### Practice - Python for data scientists III - pandas - SOLUTION

Pandas is a package built on top of NumPy, and provides an efficient implementation of a `DataFrame`.

Answer each **Question**

`DataFrames` are essentially multidimensional arrays with row and column labels, and often with heterogeneous types and missing data.

In addition to providing storage interface for labeled data, Pandas implements a number of  data operations similar to operations provided by database frameworks and spreadsheet programs.

NumPy's ``ndarray`` data structure provides features for the type of clean, well-organized data typically seen in numerical computing tasks. While it serves this purpose well, its limitations become clear when we need more flexibility, e.g., attaching labels to data, working with missing data, etc. NumPy operations that do not map well to element-wise broadcasting, e.g., groupings, pivots, etc., each of which is an important piece of analyzing less structured data available.

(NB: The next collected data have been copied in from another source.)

(* Let $\mathcal{R}$ be an MSR system satisfying the protocol format assumptions of the context, let $\mathcal{R}_{\mathsf{intf}}$ be its interface model, and let $\mathcal{R}^{\mathsf{role}}_i$ and $\mathcal{R}^e_{\mathsf{env}}$ be the role and environment components obtained by splitting the I/O rules (as in the context). For a fresh name $\mathit{rid}$, let $\mathcal{R}^{\mathsf{role}}_i(\mathit{rid})$ be $\mathcal{R}^{\mathsf{role}}_i$ with the thread identifier fixed to $\mathit{rid}$. Let $\Lambda = \bigcup_i\{a\theta \mid \exists l,r.\ l\xrightarrow{a} r\in\mathcal{R}^i_{\mathsf{io}},\ \mathrm{range}(\theta)\subseteq\mathcal{M}\}$ be the set of all ground instances of synchronization labels. Then $$\mathrm{Tr}\Big(\big(|||_{i,\mathit{rid}}\ \mathcal{R}^{\mathsf{role}}_i(\mathit{rid})\big)\ \|_{\Lambda}\ \mathcal{R}^e_{\mathsf{env}}\Big)\subseteq \mathrm{Tr}(\mathcal{R}_{\mathsf{intf}}).$$
   Context: Terms and messages. Fix a finite signature $\Sigma$ of function symbols, a set of names $\mathcal{N} = \mathit{fresh} \cup \mathit{pub}$ and a set of variables $\mathcal{V}$; terms are $\mathcal{T} = \mathcal{T}_\Sigma(\mathcal{N}\cup\mathcal{V})$, messages $\mathcal{M}$ are ground terms, and an equational theory $\mathsf{E}$ induces $=_\mathsf{E}$. Facts and MSR. A fact signature $\Sigma_{\mathsf{facts}} = \Sigma_{\mathsf{lin}} \uplus \Sigma_{\mathsf{per}}$ is partitioned into linear and persistent symbols; facts $F(t_1,\dots,t_k)$ are partitioned accordingly into $\mathcal{F}_{\mathsf{lin}}\uplus\mathcal{F}_{\mathsf{per}}$. An MSR rule $l \xrightarrow{a} r$ has multisets of facts $l,a,r$. An MSR system induces an LTS whose states are multisets of ground facts, initial state empty, with transition $S \xrightarrow{a'} (S \setminus^{\#} (l' \cap^{\#} \mathcal{F}_{\mathsf{lin}})) \cup^{\#} r'$ whenever $l \xrightarrow{a} r$ is a rule, $\theta$ a ground instantiation of its variables, $l' \xrightarrow{a'} r' =_\mathsf{E} (l\xrightarrow{a} r)\theta$, $l' \cap^{\#} \mathcal{F}_{\mathsf{lin}} \subseteq^{\#} S$ and $\mathrm{set}(l') \cap \mathcal{F}_{\mathsf{per}} \subseteq \mathrm{set}(S)$ (multiset operations). For an LTS $X$, $\mathrm{Tr}(X)$ is the set of label sequences of finite executions from the initial state. Reserved symbols: $\mathsf{K}\in\Sigma_{\mathsf{per}}$ and $\mathsf{Fr},\mathsf{in},\mathsf{out}\in\Sigma_{\mathsf{lin}}$. Format assumptions. $\Sigma_{\mathsf{facts}} = \Sigma_{\mathsf{act}} \uplus \Sigma_{\mathsf{env}} \uplus \biguplus_{1\le i\le n} \Sigma^i_{\mathsf{state}}$. $\Sigma_{\mathsf{env}}$ contains disjoint subsets $\Sigma_{\mathsf{in}},\Sigma_{\mathsf{out}}$ with $\mathsf{Fr},\mathsf{in}\in\Sigma_{\mathsf{in}}$, $\mathsf{out}\in\Sigma_{\mathsf{out}}$, $\mathsf{K}\in\Sigma_{\mathsf{env}}\setminus(\Sigma_{\mathsf{in}}\cup\Sigma_{\mathsf{out}})$, and a setup symbol $\mathsf{Setup}_i\in\Sigma_{\mathsf{in}}$ for each role $i$. $\mathcal{R} = \mathcal{R}_{\mathsf{env}} \uplus \biguplus_{i}\mathcal{R}_i$, where $\mathcal{R}_{\mathsf{env}}$ contains the attacker message deduction rules and the freshness rule. All rule labels use only symbols of $\Sigma_{\mathsf{act}}$. Rules of $\mathcal{R}_{\mathsf{env}}$ use only $\Sigma_{\mathsf{env}}$ symbols in premises and conclusions; a rule producing $\mathsf{Setup}_i$ lies in $\mathcal{R}_{\mathsf{env}}$, produces nothing else and has empty label (a role setup rule). Each rule $l\xrightarrow{a} r\in\mathcal{R}_i$ has premise symbols in $\Sigma^i_{\mathsf{state}}\cup\Sigma_{\mathsf{in}}$, conclusion symbols in $\Sigma^i_{\mathsf{state}}\cup\Sigma_{\mathsf{out}}$, at least one state fact in $r$, and for some $k_i\ge1$ the first $k_i$ arguments of all its state and $\mathsf{Setup}_i$ facts coincide, the first one being a thread identifier $\mathit{rid}$ of fresh type. Interface model. $\Sigma_{\mathsf{in}}^- = \Sigma_{\mathsf{in}}\setminus\{\mathsf{Setup}_i\}_i$. For $F\in\Sigma^-_{\mathsf{in}}\cup\Sigma_{\mathsf{out}}$ and role $i$ add a buffer symbol $F_i$; let $\Sigma^i_{\mathsf{role}} = \Sigma^i_{\mathsf{state}}\cup\{F_i\}$. $\mathcal{R}'_i$ replaces in rules of $\mathcal{R}_i$ each $F(\bar t)$ with $F\in\Sigma^-_{\mathsf{in}}\cup\Sigma_{\mathsf{out}}$ by $F_i(\mathit{rid},\bar t)$. $\mathcal{R}_{\mathsf{io}}$ contains, for each role $i$, $[F(\bar x)]\xrightarrow{[]}[F_i(\mathit{rid},\bar x)]$ for $F\in\Sigma^-_{\mathsf{in}}$, $[G_i(\mathit{rid},\bar x)]\xrightarrow{[]}[G(\bar x)]$ for $G\in\Sigma_{\mathsf{out}}$, and the role setup rules (removed from $\mathcal{R}_{\mathsf{env}}$, leaving $\mathcal{R}^-_{\mathsf{env}}$). $\mathcal{R}_{\mathsf{intf}} = \mathcal{R}^-_{\mathsf{env}}\uplus\mathcal{R}_{\mathsf{io}}\uplus\biguplus_i\mathcal{R}'_i$. Decomposition. Each I/O rule $\rho$ of role $i$ with variables $\bar y$ (including $\mathit{rid}$) gets a fresh action symbol $\lambda_\rho$ (the synchronization label $\lambda_\rho(\bar y)$), and is split into a role part (in $\mathcal{R}^i_{\mathsf{io}}$) and an environment part (in $\mathcal{R}^e_{\mathsf{io}}$): for the input rule of $F$, role part $[]\xrightarrow{[\lambda_\rho(\bar y)]}[F_i(\mathit{rid},\bar x)]$ and environment part $[F(\bar x)]\xrightarrow{[\lambda_\rho(\bar y)]}[]$; for the output rule of $G$, role part $[G_i(\mathit{rid},\bar x)]\xrightarrow{[\lambda_\rho(\bar y)]}[]$ and environment part $[]\xrightarrow{[\lambda_\rho(\bar y)]}[G(\bar x)]$; for a setup rule $l\xrightarrow{[]}[\mathsf{Setup}_i(\bar u)]$, role part $[]\xrightarrow{[\lambda_\rho(\bar y)]}[\mathsf{Setup}_i(\bar u)]$ and environment part $l\xrightarrow{[\lambda_\rho(\bar y)]}[]$. Then $\mathcal{R}^{\mathsf{role}}_i = \mathcal{R}'_i\uplus\mathcal{R}^i_{\mathsf{io}}$ and $\mathcal{R}^e_{\mathsf{env}} = \mathcal{R}^-_{\mathsf{env}}\uplus\mathcal{R}^e_{\mathsf{io}}$. Compositions. $|||_{i,\mathit{rid}} X_{i,\mathit{rid}}$ has as states functions $f$ mapping each $(i,\mathit{rid})$ to a state of $X_{i,\mathit{rid}}$, initial state the pointwise initial states, and transitions $f\xrightarrow{a} f[(i,\mathit{rid})\mapsto S']$ whenever $f(i,\mathit{rid})\xrightarrow{a}S'$ in $X_{i,\mathit{rid}}$. $X_1\|_\Lambda X_2$ has states $(S_1,S_2)$ and transitions $(S_1,S_2)\xrightarrow{a}(S_1',S_2')$ if either (i) $a=[]$ and for some $a'$ with $a'=_\mathsf{E}b$ for some $b\in\Lambda$, $S_1\xrightarrow{a'}S_1'$ and $S_2\xrightarrow{a'}S_2'$; or (ii) $a$ is not $\mathsf{E}$-equal to an element of $\Lambda$, $S_1\xrightarrow{a}S_1'$ and $S_2'=S_2$; or (iii) $a$ is not $\mathsf{E}$-equal to an element of $\Lambda$, $S_2\xrightarrow{a}S_2'$ and $S_1'=S_1$. *)

theory Defs
  imports "HOL-Library.Multiset"
begin

datatype vsort = SFresh | SPub | SMsg
type_synonym var = "vsort \<times> nat"

datatype ('f,'n) trm = FreshN 'n | PubN 'n | Var var | App 'f "('f,'n) trm list"

fun vars_trm :: "('f,'n) trm \<Rightarrow> var set" where
  "vars_trm (FreshN a) = {}"
| "vars_trm (PubN a) = {}"
| "vars_trm (Var x) = {x}"
| "vars_trm (App f ts) = \<Union> (set (map vars_trm ts))"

Pandas ``Series`` and ``DataFrame`` objects build on the NumPy array structure and provide efficient access to these sorts of "data munging" tasks that occupy much of a data scientist's time.

References:  
http://pandas.pydata.org/  
http://pandas.pydata.org/pandas-docs/stable/10min.html   
https://jakevdp.github.io/PythonDataScienceHandbook/   
http://shop.oreilly.com/product/0636920033400.do  

#### Data structures

- Series  
- Dataframe

Quick overview of the fundamental data structures in Pandas:   
- The fundamental behavior about data types, indexing, and axis labeling / alignment apply across all of the objects.  
- Maintaining an intrinsic link between labels and data.  


#### Series data structure

Series is a one-dimensional labeled array capable of holding any data type (integers, strings, floating point numbers, Python objects, etc.). 

The axis labels are collectively referred to as the index. 


Can create data from:
- a Python dict  
- an ndarray  
- a scalar value   

#### Standard imports

In [0]:
import pandas as pd
import numpy as np
import matplotlib.pyplot as plt

pd.__version__

In [0]:
pd.crosstab?

#### Pandas Series object

A series can be creted from a list, array, dictionary, etc.

Creating a series from an ndarray

In [0]:
np.random.randn?

In [0]:
# index must be same length as data
data = np.random.randn(5)
index = ['a', 'b', 'c', 'd', 'e']
s = pd.Series(data, index=index)
s

The Series wraps both a sequence of values and a sequence of indices, which can accessed with the `values` and `index` attributes. The values are a familiar NumPy array.

In [0]:
print(s.values)
print(s.index)

Creating a series from a list

In [0]:
# index must be same length as data
data = [1,2,3,4,5]
index = ['a', 'b', 'c', 'd', 'e']
r = pd.Series(data, index=index)
r

*Note: Pandas allows duplicate index keys (for performance reasons)*

If an index is not provided, one will be created.

In [0]:
# index must be same length as data
data = [1,2,3,4,5]
r = pd.Series(data)
r

From dict

If no index is provided, the labels will be used and placed in the order of the dict.

In [0]:
d = {'b' : 1, 'a' : 0, 'c' : 2}
pd.Series(d)


From scalar

An index is require for scalar data.

In [0]:
pd.Series(5., index=['a', 'b', 'c', 'd', 'e'])

Series are similar to NumPy ndarray and can be accessed using indexing `[]`,

In [0]:
s.iloc[1]

In [0]:
s['a']

In [0]:
s[:-3]

In [0]:
s.iloc[0]

Implicit indexing versus explicit indexing

In [0]:
r.index = [1,2,3,4,5]
r

In [0]:
r[1]

In [0]:
r.loc[1]

In [0]:
r.iloc[0]

Filter / mask selection

In [0]:
s > s.median()

In [0]:
s[s > s.median()]

In [0]:
s[[4, 3, 1]]

In [0]:
s[[4]]

Series are also dict-like.

A Series is like a fixed-size `dict` in that you can get and set values by index label:


In [0]:
s['a']

In [0]:
s['e'] = 12.
s

In [0]:
'e' in s

In [0]:
'f' in s

In [0]:
s.get('f')

In [0]:
s.get('f', np.nan)

#### Vectorized operations

Like numpy, you can use vectorized operations.

In [0]:
s

In [0]:
s+s

In [0]:
s*2

In [0]:
s.sum(axis=0)

A key difference between Series and ndarray is that operations between Series automatically align the data based on label. 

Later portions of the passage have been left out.